Absolute, death-like silence ensued. M. de Trévargan and the four Chouans stood there, paralysed and rigid. To say that they did not stir, that they did not breathe one word or utter as much as a sigh, would but ill express the complete stillness which fell upon them, as if some hidden and awful petrifying hand had suddenly turned them into stone. Constance de Plélan had not stirred either. She also stood, motionless as a statue, her hand held firmly in a steel-like grasp, the muzzle of the pistol against her breast. Fearlessly, almost defiantly, she gazed straight into the eyes of this man who had so reverently worshipped her and whom she had so nearly learned to love.
"From my soul," he whispered, so low that even she could scarcely hear, "I crave your pardon. From my soul I worship you still. But I would not love you half so dearly, Constance, did I not love my Emperor and France more dearly still."
"You coward!" came after a moment or two of tense suspense, from the parched lips of M. de Trévargan. "Would you seize upon a woman——?"
"The Emperor's life or hers," broke in the Man in Grey coldly. "You give me no other choice. What I do, I do, and am answerable for my actions to God alone. So down on your knees every one of you!" he added firmly. "Now! At once! Another movement, another word, and I fire!"
"Fire then, in the name of Satan, your friend!" cried Constance de Plélan loudly. "Oncle Armand, do not hesitate. Blue-Heart, seize this miscreant! Let him kill me first; but after that you will be five against one, and you can at last rid us of this deadly foe!"
"Down on your knees!" came in a tone of frigid calm from the police agent. "If, ere I count three, I do not see you kneel—I fire!"
And even before the words were out of his mouth, the five Chouans dropped on their knees, helpless before this relentless threat which deprived them of every vestige of will-power.
"Oh, that I had not stayed Blue-Heart's hand that day in the woods!" cried Constance de Plélan with a sigh of fierce regret. "He had you then, as you have us now——"
"As he and the others would have the Emperor," rejoined the Man in Grey. "If I allowed my heart to stay my hand."
And that relentless hand of his tightened its grip on Constance de Plélan's wrist, till she felt sick and faint and fell back against the door. She felt the muzzle of the pistol against her side: the hand which held it neither swerved nor quaked. The keen, grey eyes which had once radiated the light of his ineffable love for her held no pity or remorse in them now: they were watching for the slightest movement on the part of the five Chouans.

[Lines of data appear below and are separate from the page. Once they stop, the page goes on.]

(* For all $n\ge2$, $B(n)=a(n-2)+2$.
   Context: $\mathbb{N}=\{0,1,2,\dots\}$. Quet's sequence $A:\mathbb{N}\to\mathbb{N}$ is defined by $A(0)=0$, $A(1)=1$, and for $n\ge1$, $A(n+1)$ is the least natural number such that $A(n+1)\notin\{A(0),\dots,A(n)\}$ and $\sum_{0\le i\le n+1}A(i)\equiv 0 \pmod{n}$. Define $B(0)=0$, $B(1)=1$, and $B(n)=\frac{1}{n-1}\sum_{0\le i\le n}A(i)$ for $n\ge2$ (an integer by the defining congruence); first values $B=0,1,3,3,4,4,5,5,6,7,7,\dots$. Hofstadter's "married" sequences $a,b:\mathbb{N}\to\mathbb{N}$ are defined by $a(0)=1$, $b(0)=0$ and, for $n\ge1$, $b(n)=n-a(b(n-1))$ and $a(n)=n-b(a(n-1))$ (computing $b(n)$ before $a(n)$ at each step); first values $a=1,1,2,2,3,3,4,5,5,6,6,\dots$. *)

theory Defs
  imports Main
begin

text \<open>Quet's sequence: Aseq n is the list [A(0), ..., A(n)].\<close>
fun Aseq :: "nat \<Rightarrow> nat list" where
  "Aseq 0 = [0]"
| "Aseq (Suc 0) = [0, 1]"
| "Aseq (Suc (Suc k)) =
     (let xs = Aseq (Suc k)
      in xs @ [LEAST x. x \<notin> set xs \<and> (sum_list xs + x) mod (Suc k) = 0])"

definition A :: "nat \<Rightarrow> nat" where
  "A n = Aseq n ! n"

definition B :: "nat \<Rightarrow> nat" where
  "B n = (if n = 0 then 0 else if n = 1 then 1
          else (\<Sum>i\<le>n. A i) div (n - 1))"

text \<open>Hofstadter's married sequences: ABseq n = ([a(0..n)], [b(0..n)]).\<close>
fun ABseq :: "nat \<Rightarrow> nat list \<times> nat list" where
  "ABseq 0 = ([1], [0])"
| "ABseq (Suc m) =
     (let (as, bs) = ABseq m;
          bn = Suc m - as ! (bs ! m);
          bs' = bs @ [bn];
          an = Suc m - bs' ! (as ! m)
      in (as @ [an], bs'))"

definition ha :: "nat \<Rightarrow> nat" where
  "ha n = fst (ABseq n) ! n"

definition hb :: "nat \<Rightarrow> nat" where
  "hb n = snd (ABseq n) ! n"


end

theory Submission
  imports Defs
begin

text \<open>Put \<open>c\<^sub>k = a(k) + 2\<close>. One shows by strong induction that \<open>A(k + 3)\<close> is \<open>c\<^sub>k\<close> if
  \<open>a(k + 1) = a(k)\<close> and \<open>c\<^sub>k + (k + 2)\<close> if \<open>a(k + 1) = a(k) + 1\<close>; in both cases the partial
  sums satisfy \<open>A(0) + \<dots> + A(k + 2) = (k + 1) c\<^sub>k\<close>, which gives \<open>B(k + 2) = c\<^sub>k\<close>.
  For the induction step, the sum condition forces \<open>A(k + 3) \<equiv> c\<^sub>k (mod k + 2)\<close>, so the
  candidates are \<open>c\<^sub>k\<close> and \<open>c\<^sub>k + (k + 2)\<close>, the latter exceeding all earlier terms. Hence
  everything reduces to: \<open>c\<^sub>k\<close> is an earlier term iff \<open>a\<close> rises at \<open>k\<close>. This is a property of
  the married sequences, proved from \<open>b(a(i) + i) = i\<close>, the fact that \<open>a\<close> and \<open>b\<close> move in
  steps of 0 or 1, and that \<open>a\<close> is never flat twice in a row.\<close>

section \<open>Hofstadter's married sequences\<close>

lemma length_ABseq: "length (fst (ABseq m)) = Suc m" "length (snd (ABseq m)) = Suc m"
  by (induction m) (auto simp: Let_def split: prod.splits)

lemma ABseq_Suc:
  "snd (ABseq (Suc m)) = snd (ABseq m) @ [Suc m - fst (ABseq m) ! (snd (ABseq m) ! m)]"
  "fst (ABseq (Suc m)) = fst (ABseq m) @ [Suc m - snd (ABseq (Suc m)) ! (fst (ABseq m) ! m)]"
  by (auto simp: Let_def split: prod.splits)

declare ABseq.simps(2)[simp del]

lemma nth_ABseq: "i \<le> n \<Longrightarrow> fst (ABseq n) ! i = ha i \<and> snd (ABseq n) ! i = hb i"
proof (induction n)
  case 0
  then show ?case by (simp add: ha_def hb_def)
next
  case (Suc n)
  then show ?case
    using length_ABseq[of n]
    by (cases "i = Suc n") (simp_all add: ha_def hb_def ABseq_Suc nth_append)
qed

lemma hb_le: "hb m \<le> m"
  by (cases m) (simp_all add: hb_def ABseq_Suc length_ABseq nth_append)

lemma ha_le_Suc: "ha m \<le> Suc m"
  by (cases m) (simp_all add: ha_def ABseq_Suc length_ABseq nth_append)

lemma ha_0 [simp]: "ha 0 = 1"
  by (simp add: ha_def)

lemma hb_0 [simp]: "hb 0 = 0"
  by (simp add: hb_def)

lemma hb_Suc: "hb (Suc m) + ha (hb m) = Suc m"
proof -
  have "hb (Suc m) = Suc m - ha (hb m)"
    using nth_ABseq[of m m] nth_ABseq[of "hb m" m] hb_le[of m]
    by (simp add: hb_def[of "Suc m"] ABseq_Suc length_ABseq nth_append)
  moreover have "ha (hb m) \<le> Suc m"
    using ha_le_Suc[of "hb m"] hb_le[of m] by simp
  ultimately show ?thesis by simp
qed

lemma ha_Suc: "ha (Suc m) + hb (ha m) = Suc m"
proof -
  have "ha (Suc m) = Suc m - hb (ha m)"
    using nth_ABseq[of m m] nth_ABseq[of "ha m" "Suc m"] ha_le_Suc[of m]
    by (simp add: ha_def[of "Suc m"] ABseq_Suc length_ABseq nth_append)
  moreover have "hb (ha m) \<le> Suc m"
    using hb_le[of "ha m"] ha_le_Suc[of m] by simp
  ultimately show ?thesis by simp
qed

lemma hb_1 [simp]: "hb (Suc 0) = 0"
  using hb_Suc[of 0] by simp

lemma ha_1 [simp]: "ha (Suc 0) = 1"
  using ha_Suc[of 0] by simp

lemma ha_hb_unit_steps:
  "(hb (Suc n) = hb n \<or> hb (Suc n) = Suc (hb n)) \<and> (ha (Suc n) = ha n \<or> ha (Suc n) = Suc (ha n))"
proof (induction n rule: less_induct)
  case (less n)
  show ?case
  proof (cases n)
    case 0
    then show ?thesis by simp
  next
    case (Suc p)
    have IH_p: "(hb n = hb p \<or> hb n = Suc (hb p)) \<and> (ha n = ha p \<or> ha n = Suc (ha p))"
      using less[of p] Suc by simp
    have hb_step: "hb (Suc n) = hb n \<or> hb (Suc n) = Suc (hb n)"
    proof (cases "hb n = hb p")
      case False
      then have "hb n = Suc (hb p)" using IH_p by simp
      moreover have "hb p < n" using hb_le[of p] Suc by simp
      ultimately show ?thesis
        using less[of "hb p"] hb_Suc[of n] hb_Suc[of p] Suc by auto
    qed (use hb_Suc[of n] hb_Suc[of p] Suc in simp)
    have ha_step: "ha (Suc n) = ha n \<or> ha (Suc n) = Suc (ha n)"
    proof (cases "ha n = ha p")
      case False
      then have "ha n = Suc (ha p)" using IH_p by simp
      moreover have "hb (Suc (ha p)) = hb (ha p) \<or> hb (Suc (ha p)) = Suc (hb (ha p))"
        using less[of "ha p"] hb_step ha_le_Suc[of p] Suc by (cases "ha p = n") auto
      ultimately show ?thesis using ha_Suc[of n] ha_Suc[of p] Suc by auto
    qed (use ha_Suc[of n] ha_Suc[of p] Suc in simp)
    show ?thesis using ha_step hb_step by simp
  qed
qed

lemma ha_Suc_cases: "ha (Suc n) = ha n \<or> ha (Suc n) = Suc (ha n)"
  using ha_hb_unit_steps by blast

lemma ha_mono: "i \<le> j \<Longrightarrow> ha i \<le> ha j"
proof (induction j rule: dec_induct)
  case (step n)
  then show ?case using ha_Suc_cases[of n] by auto
qed simp

lemma ha_pos: "0 < ha i"
  using ha_mono[of 0 i] by simp

lemma ha_rise_after_flat: "ha (Suc k) = ha k \<Longrightarrow> ha (Suc (Suc k)) = Suc (ha (Suc k))"
  using ha_Suc[of k] ha_Suc[of "Suc k"] by simp

lemma hb_ha_add_self: "hb (ha i + i) = i"
proof (induction i)
  case (Suc i)
  have step: "hb (Suc (ha i + i)) = Suc i"
    using hb_Suc[of "ha i + i"] Suc by simp
  moreover have "hb (Suc (Suc (ha i + i))) = Suc i" if "ha (Suc i) = Suc (ha i)"
    using hb_Suc[of "Suc (ha i + i)"] step that by simp
  ultimately show ?case
    using ha_Suc_cases[of i] by auto
qed simp

lemma hb_Suc_ha_add_self: "hb (Suc (ha i + i)) = Suc i"
  using hb_Suc[of "ha i + i"] hb_ha_add_self[of i] by simp

text \<open>The numbers \<open>ha i + i\<close> increase in steps of 1 or 2, a step of 2 occurring exactly
  where \<open>ha\<close> rises; hence they miss only the values \<open>Suc (ha i + i)\<close> at such \<open>i\<close>.\<close>

lemma ha_add_self_cover:
  "0 < v \<Longrightarrow> \<exists>i. v = ha i + i \<or> (v = Suc (ha i + i) \<and> ha (Suc i) = Suc (ha i))"
proof (induction v)
  case (Suc v)
  show ?case
  proof (cases "v = 0")
    case True
    then show ?thesis by (intro exI[of _ 0]) simp
  next
    case False
    then obtain i where "v = ha i + i \<or> (v = Suc (ha i + i) \<and> ha (Suc i) = Suc (ha i))"
      using Suc.IH by blast
    then consider "v = ha i + i" "ha (Suc i) = Suc (ha i)"
      | "Suc v = ha (Suc i) + Suc i"
      using ha_Suc_cases[of i] by fastforce
    then show ?thesis by cases blast+
  qed
qed simp

lemma hb_flat_iff:
  assumes "0 < v"
  shows "hb (Suc v) = hb v \<longleftrightarrow> (\<exists>i. ha (Suc i) = Suc (ha i) \<and> v = Suc (ha i + i))"
proof
  assume flat: "hb (Suc v) = hb v"
  obtain i where "v = ha i + i \<or> (v = Suc (ha i + i) \<and> ha (Suc i) = Suc (ha i))"
    using ha_add_self_cover[OF assms] by blast
  moreover have "v \<noteq> ha i + i"
    using flat hb_ha_add_self[of i] hb_Suc_ha_add_self[of i] by auto
  ultimately show "\<exists>i. ha (Suc i) = Suc (ha i) \<and> v = Suc (ha i + i)" by blast
next
  assume "\<exists>i. ha (Suc i) = Suc (ha i) \<and> v = Suc (ha i + i)"
  then obtain i where "ha (Suc i) = Suc (ha i)" "v = Suc (ha i + i)" by blast
  then show "hb (Suc v) = hb v"
    using hb_Suc_ha_add_self[of i] hb_ha_add_self[of "Suc i"] by simp
qed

Slowly the afternoon light faded into dusk. The figures of the Chouans now appeared like dark and rigid ghosts in the twilight. The ticking of the old clock in the ingle-nook alone broke the deathlike silence of the room. Minute sped after minute while the conspirators remained as if under the ban of some evil fairy, who was keeping them in an enchanted castle in a dreamless trance from which perhaps they would never wake again. Minute sped after minute, and they lost count of time, of place, of very existence. They only appeared alive through the one sense of hearing, which had for them become preternaturally acute. In the house, too, every sound was hushed. The landlord and his servants had received their orders from the accredited agent of His Majesty's Minister of Police, and they were not likely to risk life and liberty by disobedience.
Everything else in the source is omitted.